Top of Material for this task

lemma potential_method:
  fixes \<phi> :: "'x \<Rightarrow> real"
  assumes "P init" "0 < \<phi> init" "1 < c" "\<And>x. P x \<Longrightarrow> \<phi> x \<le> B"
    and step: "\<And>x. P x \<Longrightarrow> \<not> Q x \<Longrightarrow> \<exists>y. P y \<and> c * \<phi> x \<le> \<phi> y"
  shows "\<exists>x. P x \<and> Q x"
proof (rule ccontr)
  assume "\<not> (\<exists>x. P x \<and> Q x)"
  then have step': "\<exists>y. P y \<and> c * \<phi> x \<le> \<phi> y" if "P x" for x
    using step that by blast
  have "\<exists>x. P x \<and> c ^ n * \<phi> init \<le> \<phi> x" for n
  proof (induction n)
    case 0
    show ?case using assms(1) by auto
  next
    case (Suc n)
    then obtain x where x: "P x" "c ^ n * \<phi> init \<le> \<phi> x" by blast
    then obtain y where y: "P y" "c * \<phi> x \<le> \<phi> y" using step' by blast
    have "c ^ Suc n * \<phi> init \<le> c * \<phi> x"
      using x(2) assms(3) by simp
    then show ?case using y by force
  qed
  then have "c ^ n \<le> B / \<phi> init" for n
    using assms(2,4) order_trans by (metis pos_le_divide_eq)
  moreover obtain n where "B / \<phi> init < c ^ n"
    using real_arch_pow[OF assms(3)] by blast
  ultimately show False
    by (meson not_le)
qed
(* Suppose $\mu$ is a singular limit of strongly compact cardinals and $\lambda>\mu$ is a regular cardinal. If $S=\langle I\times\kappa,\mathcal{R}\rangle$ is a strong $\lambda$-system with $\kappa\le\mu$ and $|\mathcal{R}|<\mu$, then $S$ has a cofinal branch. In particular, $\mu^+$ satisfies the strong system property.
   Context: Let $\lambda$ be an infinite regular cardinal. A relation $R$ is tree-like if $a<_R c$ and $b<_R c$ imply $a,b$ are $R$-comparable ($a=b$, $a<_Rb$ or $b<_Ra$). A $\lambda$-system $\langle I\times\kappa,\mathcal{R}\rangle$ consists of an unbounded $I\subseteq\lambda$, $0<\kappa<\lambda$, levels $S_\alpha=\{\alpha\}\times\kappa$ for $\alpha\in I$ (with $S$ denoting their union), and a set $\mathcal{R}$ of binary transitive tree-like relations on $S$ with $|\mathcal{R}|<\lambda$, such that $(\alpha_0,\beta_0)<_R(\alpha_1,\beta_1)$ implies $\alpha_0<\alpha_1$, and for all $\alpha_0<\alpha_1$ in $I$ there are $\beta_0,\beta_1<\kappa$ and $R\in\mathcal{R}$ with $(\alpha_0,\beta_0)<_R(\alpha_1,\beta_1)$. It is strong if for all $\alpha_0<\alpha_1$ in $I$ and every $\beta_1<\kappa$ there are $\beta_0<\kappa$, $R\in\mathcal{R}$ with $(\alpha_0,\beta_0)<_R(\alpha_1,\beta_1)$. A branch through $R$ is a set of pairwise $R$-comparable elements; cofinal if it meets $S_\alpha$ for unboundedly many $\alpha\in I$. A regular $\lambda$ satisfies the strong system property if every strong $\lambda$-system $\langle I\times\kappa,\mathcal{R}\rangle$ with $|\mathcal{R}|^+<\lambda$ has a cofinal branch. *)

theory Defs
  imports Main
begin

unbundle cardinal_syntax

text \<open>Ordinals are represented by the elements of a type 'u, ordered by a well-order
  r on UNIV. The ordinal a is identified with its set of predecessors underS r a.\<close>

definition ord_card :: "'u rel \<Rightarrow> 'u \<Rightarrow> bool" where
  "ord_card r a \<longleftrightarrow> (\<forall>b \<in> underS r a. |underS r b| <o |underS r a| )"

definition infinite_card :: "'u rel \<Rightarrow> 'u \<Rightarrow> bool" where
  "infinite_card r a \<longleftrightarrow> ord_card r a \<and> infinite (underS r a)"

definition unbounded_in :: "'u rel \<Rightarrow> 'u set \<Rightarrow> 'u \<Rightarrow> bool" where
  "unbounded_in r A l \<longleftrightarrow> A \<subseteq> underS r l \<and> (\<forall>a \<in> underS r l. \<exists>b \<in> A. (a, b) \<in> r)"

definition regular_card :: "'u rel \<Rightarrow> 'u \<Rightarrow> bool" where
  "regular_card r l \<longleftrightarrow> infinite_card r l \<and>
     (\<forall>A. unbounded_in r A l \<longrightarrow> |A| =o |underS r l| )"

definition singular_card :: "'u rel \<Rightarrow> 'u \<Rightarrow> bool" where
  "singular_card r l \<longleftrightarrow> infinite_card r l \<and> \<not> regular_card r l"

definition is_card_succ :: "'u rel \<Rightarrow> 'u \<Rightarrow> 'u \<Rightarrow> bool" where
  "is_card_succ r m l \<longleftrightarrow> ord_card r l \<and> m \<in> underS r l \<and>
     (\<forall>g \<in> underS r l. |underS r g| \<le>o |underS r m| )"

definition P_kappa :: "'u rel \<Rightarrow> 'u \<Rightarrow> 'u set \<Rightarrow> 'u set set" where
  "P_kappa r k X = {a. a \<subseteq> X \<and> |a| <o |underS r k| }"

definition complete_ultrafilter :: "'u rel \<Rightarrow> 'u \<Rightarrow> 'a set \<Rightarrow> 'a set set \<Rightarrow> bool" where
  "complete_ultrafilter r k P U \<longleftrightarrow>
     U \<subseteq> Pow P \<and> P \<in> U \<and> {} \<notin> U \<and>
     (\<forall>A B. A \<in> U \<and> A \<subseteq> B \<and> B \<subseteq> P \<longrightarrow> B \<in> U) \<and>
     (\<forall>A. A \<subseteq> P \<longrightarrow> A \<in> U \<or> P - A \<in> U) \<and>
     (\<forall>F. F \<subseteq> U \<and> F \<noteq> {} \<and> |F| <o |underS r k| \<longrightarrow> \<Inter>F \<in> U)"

Bottom of Material for this task

> [What needs to be done] Look for the word "blast". Copy out every line of the data that has it.

> [Your solution]
    using step that by blast
    then obtain x where x: "P x" "c ^ n * \<phi> init \<le> \<phi> x" by blast
    then obtain y where y: "P y" "c * \<phi> x \<le> \<phi> y" using step' by blast
    using real_arch_pow[OF assms(3)] by blast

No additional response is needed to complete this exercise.